Work instruction ▸ Find and copy the lines in the records beneath this task that contain the word "bound".

Data provided ▸
┄┄┄┄┄┄

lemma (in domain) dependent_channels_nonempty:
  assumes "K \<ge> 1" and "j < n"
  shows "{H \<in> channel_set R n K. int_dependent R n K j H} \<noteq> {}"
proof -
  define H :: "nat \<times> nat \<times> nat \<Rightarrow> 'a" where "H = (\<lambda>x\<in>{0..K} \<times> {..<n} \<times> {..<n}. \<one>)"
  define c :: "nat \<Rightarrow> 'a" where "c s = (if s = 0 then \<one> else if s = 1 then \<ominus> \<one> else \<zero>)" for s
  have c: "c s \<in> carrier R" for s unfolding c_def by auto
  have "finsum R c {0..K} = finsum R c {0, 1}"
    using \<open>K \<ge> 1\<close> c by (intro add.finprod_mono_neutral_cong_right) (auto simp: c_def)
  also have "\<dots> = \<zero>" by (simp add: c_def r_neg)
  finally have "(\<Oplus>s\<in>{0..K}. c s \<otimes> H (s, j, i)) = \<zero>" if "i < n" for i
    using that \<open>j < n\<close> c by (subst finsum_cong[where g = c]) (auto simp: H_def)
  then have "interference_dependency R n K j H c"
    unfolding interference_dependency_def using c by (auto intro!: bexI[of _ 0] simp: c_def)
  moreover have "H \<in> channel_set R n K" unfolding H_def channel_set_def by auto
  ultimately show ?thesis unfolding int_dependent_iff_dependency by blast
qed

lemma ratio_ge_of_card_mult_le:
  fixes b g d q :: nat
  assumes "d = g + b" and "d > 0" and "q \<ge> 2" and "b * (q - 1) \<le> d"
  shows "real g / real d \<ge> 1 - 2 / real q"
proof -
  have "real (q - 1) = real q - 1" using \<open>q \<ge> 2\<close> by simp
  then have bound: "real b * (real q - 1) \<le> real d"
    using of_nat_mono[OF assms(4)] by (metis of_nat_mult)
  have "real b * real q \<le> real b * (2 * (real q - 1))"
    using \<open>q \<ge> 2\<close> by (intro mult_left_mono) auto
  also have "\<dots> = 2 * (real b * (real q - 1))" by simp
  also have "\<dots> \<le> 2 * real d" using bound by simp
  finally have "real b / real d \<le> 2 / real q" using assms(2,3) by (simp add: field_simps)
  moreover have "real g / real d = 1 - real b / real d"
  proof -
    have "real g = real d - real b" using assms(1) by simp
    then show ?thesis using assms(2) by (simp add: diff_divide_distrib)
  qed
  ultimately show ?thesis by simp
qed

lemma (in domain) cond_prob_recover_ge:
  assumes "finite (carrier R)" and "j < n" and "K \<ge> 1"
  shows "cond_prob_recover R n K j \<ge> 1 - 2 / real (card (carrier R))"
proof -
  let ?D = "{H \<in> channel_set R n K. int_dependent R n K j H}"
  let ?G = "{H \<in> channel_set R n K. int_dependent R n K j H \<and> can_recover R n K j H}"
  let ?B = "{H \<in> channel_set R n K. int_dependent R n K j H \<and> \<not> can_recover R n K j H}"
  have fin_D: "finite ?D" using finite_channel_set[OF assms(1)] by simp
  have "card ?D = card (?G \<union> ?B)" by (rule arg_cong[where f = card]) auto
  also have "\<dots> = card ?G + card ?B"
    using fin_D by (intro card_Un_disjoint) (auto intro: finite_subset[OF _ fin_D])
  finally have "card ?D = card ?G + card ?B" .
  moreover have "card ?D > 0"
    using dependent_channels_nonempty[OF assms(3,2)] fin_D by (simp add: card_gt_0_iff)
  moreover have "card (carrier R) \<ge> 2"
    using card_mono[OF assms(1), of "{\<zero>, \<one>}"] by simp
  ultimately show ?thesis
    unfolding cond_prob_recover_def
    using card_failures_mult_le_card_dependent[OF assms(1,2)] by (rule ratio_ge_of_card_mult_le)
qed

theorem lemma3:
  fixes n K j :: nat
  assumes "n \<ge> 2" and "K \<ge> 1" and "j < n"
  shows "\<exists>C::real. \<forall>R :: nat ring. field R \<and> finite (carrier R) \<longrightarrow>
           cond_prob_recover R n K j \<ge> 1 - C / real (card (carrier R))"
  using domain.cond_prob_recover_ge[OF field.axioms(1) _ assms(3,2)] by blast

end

┄┄┄┄┄┄

Expected output ▸
  then have bound: "real b * (real q - 1) \<le> real d"
  also have "\<dots> \<le> 2 * real d" using bound by simp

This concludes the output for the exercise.